> [PROMPT]: Make a verbatim copy of all the records.

--- RECORDS FOR THE EXERCISE Enclosed Below ---

lemma msum_Nspan_extend:
  assumes X: "X = msum B (Nspan F)" and "finite G" "F \<subseteq> G" "G \<subseteq> preservants X"
  shows "X = msum B (Nspan G)"
proof
  show "X \<subseteq> msum B (Nspan G)"
    using Nspan_mono[OF \<open>finite G\<close> \<open>F \<subseteq> G\<close>] unfolding X msum_def by blast
  have "B \<subseteq> X" unfolding X by (rule subset_msum_Nspan)
  moreover have "Nspan G \<subseteq> preservants X"
    using \<open>G \<subseteq> preservants X\<close> by (rule Nspan_subset_preservants)
  ultimately show "msum B (Nspan G) \<subseteq> X"
    unfolding msum_def preservants_def by blast
qed

subsection \<open>The order induced by preservants\<close>

lemma leP_antisym:
  assumes "P \<subseteq> natvecs" "leP P x y" "leP P y x"
  shows "x = y"
proof -
  have "y - x \<in> natvecs" "x - y \<in> natvecs" using assms unfolding leP_def by auto
  then show ?thesis unfolding natvecs_def by (auto simp: vec_eq_iff intro: antisym)
qed

lemma wf_strict_leP:
  assumes "X \<subseteq> natvecs" "P \<subseteq> natvecs"
  shows "wf {(x, y). x \<in> X \<and> y \<in> X \<and> leP P x y \<and> \<not> leP P y x}"
proof (rule wf_subset[OF wf_measure[of "\<lambda>x. nat (\<Sum>i\<in>UNIV. x $ i)"]], clarify)
  fix x y assume "x \<in> X" "y \<in> X" "leP P x y" "\<not> leP P y x"
  then have "y - x \<in> natvecs" "y \<noteq> x"
    using assms(2) unfolding leP_def by auto
  then obtain j where "(y - x) $ j \<noteq> 0" by (auto simp: vec_eq_iff)
  then have "0 < (\<Sum>i\<in>UNIV. (y - x) $ i)"
    using \<open>y - x \<in> natvecs\<close> by (intro sum_pos2[of UNIV j]) (auto simp: natvecs_def order_le_less)
  moreover have "0 \<le> (\<Sum>i\<in>UNIV. x $ i)"
    using \<open>x \<in> X\<close> assms(1) unfolding natvecs_def by (auto intro!: sum_nonneg)
  ultimately show "(x, y) \<in> measure (\<lambda>x. nat (\<Sum>i\<in>UNIV. x $ i))"
    by (simp add: sum_subtractf)
qed

lemma incseq_subseq_nat:
  fixes u :: "nat \<Rightarrow> nat"
  shows "\<exists>g. strict_mono g \<and> incseq (\<lambda>k. u (g k))"
proof -
  obtain f where f: "strict_mono f" "monoseq (\<lambda>n. u (f n))" using seq_monosub by blast
  show ?thesis
  proof (cases "incseq (\<lambda>n. u (f n))")
    case False
    then have dec: "decseq (\<lambda>n. u (f n))" using f(2) unfolding monoseq_iff by blast
    \<comment> \<open>a decreasing sequence of naturals is constant from the position of its minimum on\<close>
    obtain k0 where k0: "\<And>n. u (f k0) \<le> u (f n)"
      using ex_has_least_nat[where P="\<lambda>_. True" and k=0 and m="\<lambda>n. u (f n)"] by auto
    have "u (f (k + k0)) = u (f k0)" for k
      using k0[of "k + k0"] dec[unfolded decseq_def, rule_format, of k0 "k + k0"] by simp
    then have "incseq (\<lambda>k. u (f (k + k0)))" by (simp add: incseq_def)
    moreover have "strict_mono (\<lambda>k. f (k + k0))" using f(1) by (simp add: strict_mono_def)
    ultimately show ?thesis by blast
  qed (use f in blast)
qed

--- End of Enclosed RECORDS FOR THE EXERCISE ---

> [RESULT OF THE EXERCISE]:
lemma msum_Nspan_extend:
  assumes X: "X = msum B (Nspan F)" and "finite G" "F \<subseteq> G" "G \<subseteq> preservants X"
  shows "X = msum B (Nspan G)"
proof
  show "X \<subseteq> msum B (Nspan G)"
    using Nspan_mono[OF \<open>finite G\<close> \<open>F \<subseteq> G\<close>] unfolding X msum_def by blast
  have "B \<subseteq> X" unfolding X by (rule subset_msum_Nspan)
  moreover have "Nspan G \<subseteq> preservants X"
    using \<open>G \<subseteq> preservants X\<close> by (rule Nspan_subset_preservants)
  ultimately show "msum B (Nspan G) \<subseteq> X"
    unfolding msum_def preservants_def by blast
qed

subsection \<open>The order induced by preservants\<close>

lemma leP_antisym:
  assumes "P \<subseteq> natvecs" "leP P x y" "leP P y x"
  shows "x = y"
proof -
  have "y - x \<in> natvecs" "x - y \<in> natvecs" using assms unfolding leP_def by auto
  then show ?thesis unfolding natvecs_def by (auto simp: vec_eq_iff intro: antisym)
qed

lemma wf_strict_leP:
  assumes "X \<subseteq> natvecs" "P \<subseteq> natvecs"
  shows "wf {(x, y). x \<in> X \<and> y \<in> X \<and> leP P x y \<and> \<not> leP P y x}"
proof (rule wf_subset[OF wf_measure[of "\<lambda>x. nat (\<Sum>i\<in>UNIV. x $ i)"]], clarify)
  fix x y assume "x \<in> X" "y \<in> X" "leP P x y" "\<not> leP P y x"
  then have "y - x \<in> natvecs" "y \<noteq> x"
    using assms(2) unfolding leP_def by auto
  then obtain j where "(y - x) $ j \<noteq> 0" by (auto simp: vec_eq_iff)
  then have "0 < (\<Sum>i\<in>UNIV. (y - x) $ i)"
    using \<open>y - x \<in> natvecs\<close> by (intro sum_pos2[of UNIV j]) (auto simp: natvecs_def order_le_less)
  moreover have "0 \<le> (\<Sum>i\<in>UNIV. x $ i)"
    using \<open>x \<in> X\<close> assms(1) unfolding natvecs_def by (auto intro!: sum_nonneg)
  ultimately show "(x, y) \<in> measure (\<lambda>x. nat (\<Sum>i\<in>UNIV. x $ i))"
    by (simp add: sum_subtractf)
qed

lemma incseq_subseq_nat:
  fixes u :: "nat \<Rightarrow> nat"
  shows "\<exists>g. strict_mono g \<and> incseq (\<lambda>k. u (g k))"
proof -
  obtain f where f: "strict_mono f" "monoseq (\<lambda>n. u (f n))" using seq_monosub by blast
  show ?thesis
  proof (cases "incseq (\<lambda>n. u (f n))")
    case False
    then have dec: "decseq (\<lambda>n. u (f n))" using f(2) unfolding monoseq_iff by blast
    \<comment> \<open>a decreasing sequence of naturals is constant from the position of its minimum on\<close>
    obtain k0 where k0: "\<And>n. u (f k0) \<le> u (f n)"
      using ex_has_least_nat[where P="\<lambda>_. True" and k=0 and m="\<lambda>n. u (f n)"] by auto
    have "u (f (k + k0)) = u (f k0)" for k
      using k0[of "k + k0"] dec[unfolded decseq_def, rule_format, of k0 "k + k0"] by simp
    then have "incseq (\<lambda>k. u (f (k + k0)))" by (simp add: incseq_def)
    moreover have "strict_mono (\<lambda>k. f (k + k0))" using f(1) by (simp add: strict_mono_def)
    ultimately show ?thesis by blast
  qed (use f in blast)
qed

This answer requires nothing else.